Company posted 16% year-on-year growth in net operating income. Ebitda margin jumped 500 basis points
The company, meanwhile, reported a strong performance for the December quarter, with higher income and profitability
Units of Embassy Office Parks REIT (real estate investment trust) have outperformed the benchmark Nifty Realty index by a wide margin, rising 39% since the April 2019 listing.
This is despite the recent headwind in the form of a change in dividend tax in the Union budget. A report by ICICI Securities Ltd said: “If the Budget proposal stands, it would result in foreign and domestic funds losing 9 basis points (bps) and 15bps, respectively, on their overall yields, assuming a 10% dividend payout as a percentage of the overall Embassy REIT distribution."

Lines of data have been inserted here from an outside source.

(* For $i\in\{1,\dots,m\}$ let $X_i\sim\operatorname{Ber}(p_i,s_i)$ with $p_i\in[0,1)$, $s_i>0$, and let $P_i\sim\operatorname{Poi}\!\left(\ln\frac{1}{1-p_i},\bar s_i\right)$ with $\bar s_i\ge s_i$, all these $2m$ variables being independent. Let $B=\sum_{i=1}^m X_i$ and $P=\sum_{i=1}^m P_i$. Then $\mathbb{P}(B>1)\le\mathbb{P}(P>1)$.
   Context: For $s>0$: $X\sim\operatorname{Ber}(p,s)$ means $X=sZ$ with $Z\sim\operatorname{Ber}(p)$ (Bernoulli), and $P\sim\operatorname{Poi}(\lambda,s)$ means $P=sZ$ with $Z\sim\operatorname{Poi}(\lambda)$ (Poisson with mean $\lambda$). *)

theory Defs
  imports "HOL-Probability.Probability"
begin

definition poisson_measure :: "real \<Rightarrow> nat measure" where
  "poisson_measure lam =
     density (count_space UNIV) (\<lambda>k. ennreal (lam ^ k / fact k * exp (- lam)))"

definition scaled_poisson :: "real \<Rightarrow> real \<Rightarrow> real measure" where
  "scaled_poisson lam s = distr (poisson_measure lam) borel (\<lambda>k. s * real k)"

definition scaled_bernoulli :: "real \<Rightarrow> real \<Rightarrow> real measure" where
  "scaled_bernoulli p s = distr (measure_pmf (bernoulli_pmf p)) borel (\<lambda>b. s * (if b then 1 else 0))"

end

theory Submission
  imports Defs
begin

text \<open>A coupling through the indicators of positivity. Pointwise \<open>X\<^sub>i \<le> s\<^sub>i \<cdot> [X\<^sub>i > 0]\<close>, and,
  since \<open>P\<^sub>i\<close> takes values in \<open>{0, s\<^sub>i', 2s\<^sub>i', \<dots>}\<close> with \<open>s\<^sub>i' \<ge> s\<^sub>i\<close>, also \<open>s\<^sub>i \<cdot> [P\<^sub>i > 0] \<le> P\<^sub>i\<close>.
  Both indicators are Bernoulli(\<open>p\<^sub>i\<close>), because \<open>\<P>(P\<^sub>i = 0) = exp (- ln (1 / (1 - p\<^sub>i))) = 1 - p\<^sub>i\<close>;
  by independence the two indicator vectors then have the same joint law, so
  \<open>\<P>(B > 1) \<le> \<P>(\<Sum> s\<^sub>i [X\<^sub>i > 0] > 1) = \<P>(\<Sum> s\<^sub>i [P\<^sub>i > 0] > 1) \<le> \<P>(P > 1)\<close>.\<close>

lemma (in prob_space) indep_sets_reindex:
  assumes "inj_on f I" "indep_sets F (f ` I)"
  shows "indep_sets (\<lambda>i. F (f i)) I"
  unfolding indep_sets_def
proof (intro conjI ballI allI impI)
  fix i assume "i \<in> I"
  then show "F (f i) \<subseteq> events"
    using assms(2) by (auto simp: indep_sets_def)
next
  fix J A assume J: "J \<subseteq> I" "J \<noteq> {}" "finite J" and A: "A \<in> Pi J (\<lambda>i. F (f i))"
  define A' where "A' = (\<lambda>j. A (the_inv_into J f j))"
  have inj: "inj_on f J"
    using assms(1) J(1) inj_on_subset by blast
  have A'f: "\<And>i. i \<in> J \<Longrightarrow> A' (f i) = A i"
    using inj by (simp add: A'_def the_inv_into_f_f)
  have "A' \<in> Pi (f ` J) F"
    using A A'f by auto
  moreover have "f ` J \<subseteq> f ` I" "f ` J \<noteq> {}" "finite (f ` J)"
    using J by auto
  ultimately have "prob (\<Inter>j\<in>f ` J. A' j) = (\<Prod>j\<in>f ` J. prob (A' j))"
    using assms(2) unfolding indep_sets_def by blast
  moreover have "(\<Inter>j\<in>f ` J. A' j) = (\<Inter>j\<in>J. A j)"
    using A'f by auto
  moreover have "(\<Prod>j\<in>f ` J. prob (A' j)) = (\<Prod>j\<in>J. prob (A j))"
    using inj A'f by (simp add: prod.reindex)
  ultimately show "prob (\<Inter>j\<in>J. A j) = (\<Prod>j\<in>J. prob (A j))"
    by simp
qed

lemma (in prob_space) indep_vars_reindex:
  assumes "inj_on f I" "indep_vars M' X (f ` I)"
  shows "indep_vars (\<lambda>i. M' (f i)) (\<lambda>i. X (f i)) I"
  using assms indep_sets_reindex[OF assms(1), of "\<lambda>i. {X i -` A \<inter> space M | A. A \<in> sets (M' i)}"]
  unfolding indep_vars_def2 by auto

lemma (in prob_space)
  assumes "indep_vars M' (case_sum X Y) (I <+> J)"
  shows indep_vars_Inl: "indep_vars (\<lambda>i. M' (Inl i)) X I"
    and indep_vars_Inr: "indep_vars (\<lambda>j. M' (Inr j)) Y J"
proof -
  have "indep_vars M' (case_sum X Y) (Inl ` I)" "indep_vars M' (case_sum X Y) (Inr ` J)"
    by (auto intro: indep_vars_subset[OF assms])
  then show "indep_vars (\<lambda>i. M' (Inl i)) X I" "indep_vars (\<lambda>j. M' (Inr j)) Y J"
    using indep_vars_reindex[of Inl I M' "case_sum X Y"] indep_vars_reindex[of Inr J M' "case_sum X Y"]
    by auto
qed

lemma (in prob_space) prob_eq_if_indep_vars_same_distr:
  assumes Y: "indep_vars N Y I" and Z: "indep_vars N Z I"
    and same_distr: "\<And>i. i \<in> I \<Longrightarrow> distr M (N i) (Y i) = distr M (N i) (Z i)"
    and f: "Measurable.pred (Pi\<^sub>M I N) f"
  shows "prob {\<omega> \<in> space M. f (\<lambda>i\<in>I. Y i \<omega>)} = prob {\<omega> \<in> space M. f (\<lambda>i\<in>I. Z i \<omega>)}"
proof (cases "I = {}")
  case False
  have Ym: "(\<lambda>\<omega>. \<lambda>i\<in>I. Y i \<omega>) \<in> measurable M (Pi\<^sub>M I N)"
    and Zm: "(\<lambda>\<omega>. \<lambda>i\<in>I. Z i \<omega>) \<in> measurable M (Pi\<^sub>M I N)"
    using Y Z unfolding indep_vars_def by (auto intro!: measurable_restrict)
  have distr_restrict: "distr M (Pi\<^sub>M I N) (\<lambda>\<omega>. \<lambda>i\<in>I. W i \<omega>) = (\<Pi>\<^sub>M i\<in>I. distr M (N i) (W i))"
    if "indep_vars N W I" for W
    using that False by (subst indep_vars_iff_distr_eq_PiM'[symmetric]) (auto simp: indep_vars_def)
  have "distr M (Pi\<^sub>M I N) (\<lambda>\<omega>. \<lambda>i\<in>I. Y i \<omega>) = distr M (Pi\<^sub>M I N) (\<lambda>\<omega>. \<lambda>i\<in>I. Z i \<omega>)"
    unfolding distr_restrict[OF Y] distr_restrict[OF Z] using same_distr by (intro PiM_cong) auto
  then have "measure (distr M (Pi\<^sub>M I N) (\<lambda>\<omega>. \<lambda>i\<in>I. Y i \<omega>)) {g \<in> space (Pi\<^sub>M I N). f g}
      = measure (distr M (Pi\<^sub>M I N) (\<lambda>\<omega>. \<lambda>i\<in>I. Z i \<omega>)) {g \<in> space (Pi\<^sub>M I N). f g}"
    by simp
  moreover have "{\<omega> \<in> space M. f (\<lambda>i\<in>I. W i \<omega>)}
      = (\<lambda>\<omega>. \<lambda>i\<in>I. W i \<omega>) -` {g \<in> space (Pi\<^sub>M I N). f g} \<inter> space M"
    if "(\<lambda>\<omega>. \<lambda>i\<in>I. W i \<omega>) \<in> measurable M (Pi\<^sub>M I N)" for W
    using measurable_space[OF that] by auto
  ultimately show ?thesis
    using Ym Zm f by (simp add: measure_distr pred_def)
qed (simp add: restrict_def)

lemma (in prob_space) distr_bool_eqI:
  fixes B C :: "'a \<Rightarrow> bool"
  assumes B: "random_variable (count_space UNIV) B" and C: "random_variable (count_space UNIV) C"
    and eq: "prob {\<omega> \<in> space M. \<not> B \<omega>} = prob {\<omega> \<in> space M. \<not> C \<omega>}"
  shows "distr M (count_space UNIV) B = distr M (count_space UNIV) C"
proof (rule measure_eqI_finite[where A = UNIV])
  have compl: "prob {\<omega> \<in> space M. W \<omega>} = 1 - prob {\<omega> \<in> space M. \<not> W \<omega>}"
    if "random_variable (count_space UNIV) W" for W :: "'a \<Rightarrow> bool"
  proof -
    have "{\<omega> \<in> space M. \<not> W \<omega>} \<in> events"
      using that by measurable
    moreover have "{\<omega> \<in> space M. W \<omega>} = space M - {\<omega> \<in> space M. \<not> W \<omega>}"
      by auto
    ultimately show ?thesis
      using prob_compl by simp
  qed
  have "prob {\<omega> \<in> space M. B \<omega> = a} = prob {\<omega> \<in> space M. C \<omega> = a}" for a
    using eq compl[OF B] compl[OF C] by (cases a) simp_all
  moreover have "B -` {a} \<inter> space M = {\<omega> \<in> space M. B \<omega> = a}" "C -` {a} \<inter> space M = {\<omega> \<in> space M. C \<omega> = a}" for a
    by auto
  ultimately show "emeasure (distr M (count_space UNIV) B) {a} = emeasure (distr M (count_space UNIV) C) {a}" for a
    using B C by (simp add: emeasure_distr emeasure_eq_measure)
qed simp_all

lemma measure_scaled_bernoulli_nonpos:
  assumes "0 < s" "0 \<le> p" "p \<le> 1"
  shows "measure (scaled_bernoulli p s) {..0} = 1 - p"
proof -
  have "(\<lambda>b. s * (if b then 1 else 0)) -` {..0} = {False}"
    using assms(1) by auto
  then show ?thesis
    using assms(2,3) by (simp add: scaled_bernoulli_def measure_distr measure_pmf_single)
qed

lemma measure_scaled_poisson_nonpos:
  assumes "0 < s"
  shows "measure (scaled_poisson lam s) {..0} = exp (- lam)"
proof -
  have "(\<lambda>k. s * real k) -` {..0} \<inter> space (poisson_measure lam) = {0}"
    using assms by (auto simp: poisson_measure_def mult_le_0_iff)
  then have "measure (scaled_poisson lam s) {..0} = measure (poisson_measure lam) {0}"
    unfolding scaled_poisson_def by (subst measure_distr) (auto simp: poisson_measure_def)
  then show ?thesis
    by (simp add: poisson_measure_def measure_def emeasure_density)
qed

lemma (in prob_space) distr_pos_scaled_bernoulli_eq_scaled_poisson:
  assumes X: "X \<in> borel_measurable M" and Y: "Y \<in> borel_measurable M"
    and X_distr: "distr M borel X = scaled_bernoulli p s"
    and Y_distr: "distr M borel Y = scaled_poisson (ln (1 / (1 - p))) t"
    and p: "0 \<le> p" "p < 1" and "0 < s" "0 < t"
  shows "distr M (count_space UNIV) (\<lambda>\<omega>. 0 < X \<omega>) = distr M (count_space UNIV) (\<lambda>\<omega>. 0 < Y \<omega>)"
proof (rule distr_bool_eqI)
  have nonpos: "prob {\<omega> \<in> space M. \<not> 0 < W \<omega>} = measure (distr M borel W) {..0}"
    if "W \<in> borel_measurable M" for W :: "'a \<Rightarrow> real"
    using that by (subst measure_distr) (auto simp: vimage_def not_less Int_def conj_commute)
  have "exp (- ln (1 / (1 - p))) = 1 - p"
    using p by (simp add: ln_div)
  then show "prob {\<omega> \<in> space M. \<not> 0 < X \<omega>} = prob {\<omega> \<in> space M. \<not> 0 < Y \<omega>}"
    using assms by (simp add: nonpos measure_scaled_bernoulli_nonpos measure_scaled_poisson_nonpos)
qed (use X Y in measurable)

lemma AE_le_of_distr_scaled_bernoulli:
  assumes "X \<in> borel_measurable M" "distr M borel X = scaled_bernoulli p s" "0 < s"
  shows "AE \<omega> in M. X \<omega> \<le> (if 0 < X \<omega> then s else 0)"
proof -
  have "AE x in distr M borel X. x \<le> (if 0 < x then s else 0)"
    unfolding assms(2) scaled_bernoulli_def using assms(3) by (subst AE_distr_iff) auto
  then show ?thesis
    using assms(1) by (subst (asm) AE_distr_iff) auto
qed

lemma AE_ge_of_distr_scaled_poisson:
  assumes "Y \<in> borel_measurable M" "distr M borel Y = scaled_poisson lam t" "0 \<le> s" "s \<le> t"
  shows "AE \<omega> in M. (if 0 < Y \<omega> then s else 0) \<le> Y \<omega>"
proof -
  have "(if 0 < t * real k then s else 0) \<le> t * real k" for k :: nat
    using assms(3,4) mult_left_mono[of 1 "real k" t] by (cases "k = 0") auto
  then have "AE x in distr M borel Y. (if 0 < x then s else 0) \<le> x"
    unfolding assms(2) scaled_poisson_def by (subst AE_distr_iff) (auto simp: poisson_measure_def)
  then show ?thesis
    using assms(1) by (subst (asm) AE_distr_iff) auto
qed

lemma (in prob_space) prob_sum_less_mono_AE:
  fixes f g :: "'i \<Rightarrow> 'a \<Rightarrow> real"
  assumes "finite I" and le: "\<And>i. i \<in> I \<Longrightarrow> AE \<omega> in M. f i \<omega> \<le> g i \<omega>"
    and g: "\<And>i. i \<in> I \<Longrightarrow> g i \<in> borel_measurable M"
  shows "prob {\<omega> \<in> space M. c < (\<Sum>i\<in>I. f i \<omega>)} \<le> prob {\<omega> \<in> space M. c < (\<Sum>i\<in>I. g i \<omega>)}"
proof (rule finite_measure_mono_AE)
  have "AE \<omega> in M. \<forall>i\<in>I. f i \<omega> \<le> g i \<omega>"
    using \<open>finite I\<close> le by (rule AE_finite_allI)
  then show "AE \<omega> in M. \<omega> \<in> {\<omega> \<in> space M. c < (\<Sum>i\<in>I. f i \<omega>)} \<longrightarrow> \<omega> \<in> {\<omega> \<in> space M. c < (\<Sum>i\<in>I. g i \<omega>)}"
    by (rule eventually_mono) (auto intro: less_le_trans sum_mono)
  show "{\<omega> \<in> space M. c < (\<Sum>i\<in>I. g i \<omega>)} \<in> events"
    using g by measurable
qed

lemma (in prob_space) prob_sum_pos_weights_eq:
  fixes X Y :: "'i \<Rightarrow> 'a \<Rightarrow> real" and w :: "'i \<Rightarrow> real"
  assumes X: "indep_vars (\<lambda>_. borel) X I" and Y: "indep_vars (\<lambda>_. borel) Y I"
    and same_distr: "\<And>i. i \<in> I \<Longrightarrow>
      distr M (count_space UNIV) (\<lambda>\<omega>. 0 < X i \<omega>) = distr M (count_space UNIV) (\<lambda>\<omega>. 0 < Y i \<omega>)"
  shows "prob {\<omega> \<in> space M. c < (\<Sum>i\<in>I. if 0 < X i \<omega> then w i else 0)}
    = prob {\<omega> \<in> space M. c < (\<Sum>i\<in>I. if 0 < Y i \<omega> then w i else 0)}"
proof -
  have pos: "indep_vars (\<lambda>_. count_space UNIV) (\<lambda>i \<omega>. 0 < W i \<omega>) I"
    if "indep_vars (\<lambda>_. borel) W I" for W :: "'i \<Rightarrow> 'a \<Rightarrow> real"
    using indep_vars_compose2[OF that, where Y = "\<lambda>_ x. 0 < x"] by simp
  have [measurable]: "(\<lambda>g. \<Sum>i\<in>I. if g i then w i else 0) \<in> borel_measurable (\<Pi>\<^sub>M i\<in>I. count_space UNIV)"
    by (intro borel_measurable_sum) simp
  have "prob {\<omega> \<in> space M. c < (\<Sum>i\<in>I. if (\<lambda>i\<in>I. 0 < X i \<omega>) i then w i else 0)}
      = prob {\<omega> \<in> space M. c < (\<Sum>i\<in>I. if (\<lambda>i\<in>I. 0 < Y i \<omega>) i then w i else 0)}"
    by (rule prob_eq_if_indep_vars_same_distr[OF pos[OF X] pos[OF Y] same_distr,
          of "\<lambda>g. c < (\<Sum>i\<in>I. if g i then w i else 0)"]) measurable
  then show ?thesis
    by simp
qed

theorem lemma3:
  fixes M :: "'a measure" and m :: nat
    and p s sbar :: "nat \<Rightarrow> real"
    and X Pv :: "nat \<Rightarrow> 'a \<Rightarrow> real"
  assumes "prob_space M"
    and p_range: "\<And>i. i \<in> {1..m} \<Longrightarrow> 0 \<le> p i \<and> p i < 1"
    and s_pos: "\<And>i. i \<in> {1..m} \<Longrightarrow> s i > 0"
    and sbar_ge: "\<And>i. i \<in> {1..m} \<Longrightarrow> sbar i \<ge> s i"
    and X_distr: "\<And>i. i \<in> {1..m} \<Longrightarrow> distr M borel (X i) = scaled_bernoulli (p i) (s i)"
    and P_distr: "\<And>i. i \<in> {1..m} \<Longrightarrow>
        distr M borel (Pv i) = scaled_poisson (ln (1 / (1 - p i))) (sbar i)"
    and indep: "prob_space.indep_vars M (\<lambda>_. borel)
        (\<lambda>k. case k of Inl i \<Rightarrow> X i | Inr i \<Rightarrow> Pv i) ({1..m} <+> {1..m})"
  shows "measure M {\<omega> \<in> space M. (\<Sum>i=1..m. X i \<omega>) > 1}
           \<le> measure M {\<omega> \<in> space M. (\<Sum>i=1..m. Pv i \<omega>) > 1}"
proof -
  interpret prob_space M by fact
  have indX: "indep_vars (\<lambda>_. borel) X {1..m}" and indP: "indep_vars (\<lambda>_. borel) Pv {1..m}"
    using indep_vars_Inl[OF indep] indep_vars_Inr[OF indep] by simp_all
  then have Xm: "\<And>i. i \<in> {1..m} \<Longrightarrow> X i \<in> borel_measurable M"
    and Pm: "\<And>i. i \<in> {1..m} \<Longrightarrow> Pv i \<in> borel_measurable M"
    unfolding indep_vars_def by auto
  have sbar_pos: "\<And>i. i \<in> {1..m} \<Longrightarrow> 0 < sbar i"
    using s_pos sbar_ge by (meson less_le_trans)
  have "prob {\<omega> \<in> space M. 1 < (\<Sum>i=1..m. X i \<omega>)}
      \<le> prob {\<omega> \<in> space M. 1 < (\<Sum>i=1..m. if 0 < X i \<omega> then s i else 0)}"
    using Xm X_distr s_pos by (intro prob_sum_less_mono_AE AE_le_of_distr_scaled_bernoulli) auto
  also have "\<dots> = prob {\<omega> \<in> space M. 1 < (\<Sum>i=1..m. if 0 < Pv i \<omega> then s i else 0)}"
    using Xm Pm X_distr P_distr p_range s_pos sbar_pos
    by (intro prob_sum_pos_weights_eq[OF indX indP] distr_pos_scaled_bernoulli_eq_scaled_poisson) auto
  also have "\<dots> \<le> prob {\<omega> \<in> space M. 1 < (\<Sum>i=1..m. Pv i \<omega>)}"
    using Pm P_distr s_pos sbar_ge
    by (intro prob_sum_less_mono_AE AE_ge_of_distr_scaled_poisson) (auto intro: less_imp_le)
  finally show ?thesis .
qed

end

The company, meanwhile, reported a strong performance for the December quarter, with higher income and profitability. It posted 16% year-on-year growth in net operating income. Ebitda (earnings before interest, tax, depreciation and amortization) margin jumped 500 basis points.
For the nine months of FY20, the management guided that the REIT should achieve 96-97% of the projected distribution of ₹1,900 crore for the full year, owing to a slower rate of scale-up in Four Seasons Hotel and a few smaller assets.
But this will be compensated for in the following year, which doesn’t make it a major cause for concern. Another risk to appreciation in unit prices is its rich valuations. Current prices suggest investors are forecasting distribution yields of 5.5-6% over FY20-FY22.
Meanwhile, the strong leasing outlook for its existing and forthcoming assets, re-leasing and escalation in lease rentals due to strong demand, augur well.